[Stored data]
Content starts

(* Fix integers $n,d\ge 1$, constants $0<h_{min}<h_{max}$, an initial state $\mathcal{X}^{(0)}=[\mathbf{x}_1^{(0)},\ldots,\mathbf{x}_n^{(0)}]\in\mathbb{R}^{dn}$, an initial bandwidth $h_1\in[h_{min},h_{max}]$, and a non-negative sequence $(\nu_k)$ with $\nu_k\to 0$. Let $(\mathcal{X}^{(k)},h_k)$ be generated by the Doubly Stochastic Mean-Shift (DSMS) process described in the context. Then almost surely, for every $k\ge 1$, $$\mathbb{E}\left[L_{h_{k+1}}(\mathcal{X}^{(k+1)})\,\middle|\,\mathcal{X}^{(k)},\,h_k\right]\ \ge\ L_{h_k}(\mathcal{X}^{(k)}).$$ Consequently, the sequence $\left(L_{h_k}(\mathcal{X}^{(k)})\right)_k$ is a discrete-time non-negative submartingale adapted to the process $(\mathcal{X}^{(k)},h_k)$.
   Context: A profile function is a map $k:[0,\infty)\to\mathbb{R}_+$ that vanishes on $[1,\infty)$, is $C^1$, non-increasing and convex, with $k'(t)<0$ for all $t\in[0,1)$ (e.g. $k(t)=(1-t)_+^{\alpha}$, $\alpha=2,3,4$). The associated kernel on $\mathbb{R}^d$ is $K(\mathbf{u})=k(\|\mathbf{u}\|^2)$ and the weight function is $G(\mathbf{u})=-k'(\|\mathbf{u}\|^2)\ge 0$; $\|\cdot\|$ is the Euclidean norm. A state is $\mathcal{X}=[\mathbf{x}_1,\ldots,\mathbf{x}_n]\in\mathbb{R}^{dn}$ with $\mathbf{x}_i\in\mathbb{R}^d$. For $h>0$ define the cost $L_h(\mathcal{X})=\sum_{1\le i\le j\le n}K\big((\mathbf{x}_i-\mathbf{x}_j)/h\big)$ and the mean-shift operator $$\mathcal{S}_h(x;\mathcal{X})=\frac{\sum_{i=1}^n G\big((x-\mathbf{x}_i)/h\big)\,\mathbf{x}_i}{\sum_{i=1}^n G\big((x-\mathbf{x}_i)/h\big)},\quad x\in\mathbb{R}^d.$$ DSMS process: given $\mathcal{X}^{(0)}$, $h_1\in[h_{min},h_{max}]$ and $(\nu_k)$, for $k=0,1,2,\ldots$: if $k\ge1$, set $\delta_k=\min\{\nu_k,\ (h_k/h_{min})^2-1,\ 1-(h_k/h_{max})^2\}$, draw $\alpha_k$ uniformly on $(1-\delta_k,1+\delta_k)$ (with $\alpha_k=1$ if $\delta_k=0$), and set $h_{k+1}=h_k/\sqrt{\alpha_k}$ (so $h_{k+1}\in[h_{min},h_{max}]$); draw an index $i_k$ uniformly from $\{1,\ldots,n\}$; then set $\mathbf{x}_{i_k}^{(k+1)}=\mathcal{S}_{h_{k+1}}(\mathbf{x}_{i_k}^{(k)};\mathcal{X}^{(k)})$ and $\mathbf{x}_j^{(k+1)}=\mathbf{x}_j^{(k)}$ for $j\ne i_k$. The indices $i_k$ are i.i.d., independent of each other and of all previous choices, and the sequences $(i_k)$ and $(h_k)$ are independent. *)

theory Defs
  imports "HOL-Probability.Probability"
begin

definition profile :: "(real \<Rightarrow> real) \<Rightarrow> (real \<Rightarrow> real) \<Rightarrow> bool" where
  "profile k k' \<longleftrightarrow>
     (\<forall>t\<ge>0. k t \<ge> 0) \<and>
     (\<forall>t\<ge>1. k t = 0) \<and>
     (\<forall>t\<ge>0. (k has_real_derivative k' t) (at t within {0..})) \<and>
     continuous_on {0..} k' \<and>
     (\<forall>s t. 0 \<le> s \<longrightarrow> s \<le> t \<longrightarrow> k t \<le> k s) \<and>
     convex_on {0..} k \<and>
     (\<forall>t. 0 \<le> t \<longrightarrow> t < 1 \<longrightarrow> k' t < 0)"

definition kern :: "(real \<Rightarrow> real) \<Rightarrow> 'd::euclidean_space \<Rightarrow> real" where
  "kern k u = k (norm u ^ 2)"

definition weight :: "(real \<Rightarrow> real) \<Rightarrow> 'd::euclidean_space \<Rightarrow> real" where
  "weight k' u = - k' (norm u ^ 2)"

(* A state [x_1,...,x_n] in R^{dn}: points in 'd (R^d, d = DIM('d)) indexed by the
   finite type 'n (n = CARD('n)); the linear order on 'n only serves to express i \<le> j. *)

definition cost :: "(real \<Rightarrow> real) \<Rightarrow> real \<Rightarrow> ('d::euclidean_space)^('n::{finite,linorder}) \<Rightarrow> real" where
  "cost k h X = (\<Sum>(i,j)\<in>{(i,j). i \<le> j}. kern k ((X$i - X$j) /\<^sub>R h))"

definition mean_shift :: "(real \<Rightarrow> real) \<Rightarrow> real \<Rightarrow> 'd::euclidean_space \<Rightarrow> 'd^('n::finite) \<Rightarrow> 'd" where
  "mean_shift k' h x X =
     (\<Sum>i\<in>UNIV. weight k' ((x - X$i) /\<^sub>R h) *\<^sub>R X$i) /\<^sub>R (\<Sum>i\<in>UNIV. weight k' ((x - X$i) /\<^sub>R h))"

(* Bandwidth sequence, as a function of the realisation u of the auxiliary uniform
   variables: alpha_k = 1 + delta_k * u_k with u_k uniform on (-1,1), so that alpha_k is
   uniform on (1-delta_k, 1+delta_k) given the past.  dsms_h (Suc k) = h_{k+1};
   dsms_h 0 = dsms_h 1 = h_1 (h_0 does not occur in the paper; it is a dummy). *)
primrec dsms_h :: "real \<Rightarrow> real \<Rightarrow> (nat \<Rightarrow> real) \<Rightarrow> real \<Rightarrow> (nat \<Rightarrow> real) \<Rightarrow> nat \<Rightarrow> real" where
  "dsms_h hmin hmax \<nu> h1 u 0 = h1"
| "dsms_h hmin hmax \<nu> h1 u (Suc k) =
     (if k = 0 then h1 else
        (let hk = dsms_h hmin hmax \<nu> h1 u k;
             \<delta> = min (\<nu> k) (min ((hk / hmin)^2 - 1) (1 - (hk / hmax)^2));
             \<alpha> = 1 + \<delta> * u k
         in hk / sqrt \<alpha>))"

primrec dsms_X :: "(real \<Rightarrow> real) \<Rightarrow> real \<Rightarrow> real \<Rightarrow> (nat \<Rightarrow> real) \<Rightarrow> real \<Rightarrow>
    ('d::euclidean_space)^('n::finite) \<Rightarrow> (nat \<Rightarrow> real) \<Rightarrow> (nat \<Rightarrow> 'n) \<Rightarrow> nat \<Rightarrow> 'd^'n" where
  "dsms_X k' hmin hmax \<nu> h1 X0 u ii 0 = X0"
| "dsms_X k' hmin hmax \<nu> h1 X0 u ii (Suc k) =
     (let Y = dsms_X k' hmin hmax \<nu> h1 X0 u ii k;
          h' = dsms_h hmin hmax \<nu> h1 u (Suc k)
      in (\<chi> j. if j = ii k then mean_shift k' h' (Y$(ii k)) Y else Y$j))"

definition submartingale_from :: "'a measure \<Rightarrow> nat \<Rightarrow> (nat \<Rightarrow> 'a measure) \<Rightarrow> (nat \<Rightarrow> 'a \<Rightarrow> real) \<Rightarrow> bool" where
  "submartingale_from M m F Y \<longleftrightarrow>
     (\<forall>k\<ge>m. sigma_finite_subalgebra M (F k)) \<and>
     (\<forall>k\<ge>m. sets (F k) \<subseteq> sets (F (Suc k))) \<and>
     (\<forall>k\<ge>m. Y k \<in> borel_measurable (F k)) \<and>
     (\<forall>k\<ge>m. integrable M (Y k)) \<and>
     (\<forall>k\<ge>m. AE \<omega> in M. real_cond_exp M (F k) (Y (Suc k)) \<omega> \<ge> Y k \<omega>)"

end

theory Submission
  imports Defs
begin

(*
  One DSMS step first changes the bandwidth from h to h' = h / sqrt alpha and then replaces one
  point x_i by its mean shift S = S_h'(x_i; X). Convexity puts the profile above its tangents,
  k t - k s >= k' s * (t - s). On the pairs containing x_i this bounds the gain of the update from
  below by sum_b G_b (|x_i - x_b|^2 - |S - x_b|^2) / h'^2, which equals
  (sum_b G_b) |x_i - S|^2 / h'^2 >= 0 because S is the G-weighted mean of the points. With
  t = alpha s on every pair it gives L_h'(X) >= L_h(X) - (alpha - 1) C_h(X), where C_h(X) is the
  G-weighted sum of the squared scaled distances. Finally alpha - 1 = delta u with delta and
  C_h(X) determined by the past and u centred and independent of the past, so the correction
  has conditional mean zero.
*)

section \<open>Profile functions and kernels\<close>

lemma profile_continuous_on:
  assumes "profile k k'"
  shows "continuous_on {0..} k"
proof -
  have "\<forall>t\<in>{0..}. continuous (at t within {0..}) k"
    using assms unfolding profile_def by (auto intro: DERIV_continuous)
  then show ?thesis
    using continuous_on_eq_continuous_within by blast
qed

Content ends

* [Your task]: Starting at the line above that contains "h' = dsms_h", write out each line exactly until the line that contains "continuous (at t" has been written, and stop there.

* [Task answer]:
          h' = dsms_h hmin hmax \<nu> h1 u (Suc k)
      in (\<chi> j. if j = ii k then mean_shift k' h' (Y$(ii k)) Y else Y$j))"

definition submartingale_from :: "'a measure \<Rightarrow> nat \<Rightarrow> (nat \<Rightarrow> 'a measure) \<Rightarrow> (nat \<Rightarrow> 'a \<Rightarrow> real) \<Rightarrow> bool" where
  "submartingale_from M m F Y \<longleftrightarrow>
     (\<forall>k\<ge>m. sigma_finite_subalgebra M (F k)) \<and>
     (\<forall>k\<ge>m. sets (F k) \<subseteq> sets (F (Suc k))) \<and>
     (\<forall>k\<ge>m. Y k \<in> borel_measurable (F k)) \<and>
     (\<forall>k\<ge>m. integrable M (Y k)) \<and>
     (\<forall>k\<ge>m. AE \<omega> in M. real_cond_exp M (F k) (Y (Suc k)) \<omega> \<ge> Y k \<omega>)"

end

theory Submission
  imports Defs
begin

(*
  One DSMS step first changes the bandwidth from h to h' = h / sqrt alpha and then replaces one
  point x_i by its mean shift S = S_h'(x_i; X). Convexity puts the profile above its tangents,
  k t - k s >= k' s * (t - s). On the pairs containing x_i this bounds the gain of the update from
  below by sum_b G_b (|x_i - x_b|^2 - |S - x_b|^2) / h'^2, which equals
  (sum_b G_b) |x_i - S|^2 / h'^2 >= 0 because S is the G-weighted mean of the points. With
  t = alpha s on every pair it gives L_h'(X) >= L_h(X) - (alpha - 1) C_h(X), where C_h(X) is the
  G-weighted sum of the squared scaled distances. Finally alpha - 1 = delta u with delta and
  C_h(X) determined by the past and u centred and independent of the past, so the correction
  has conditional mean zero.
*)

section \<open>Profile functions and kernels\<close>

lemma profile_continuous_on:
  assumes "profile k k'"
  shows "continuous_on {0..} k"
proof -
  have "\<forall>t\<in>{0..}. continuous (at t within {0..}) k"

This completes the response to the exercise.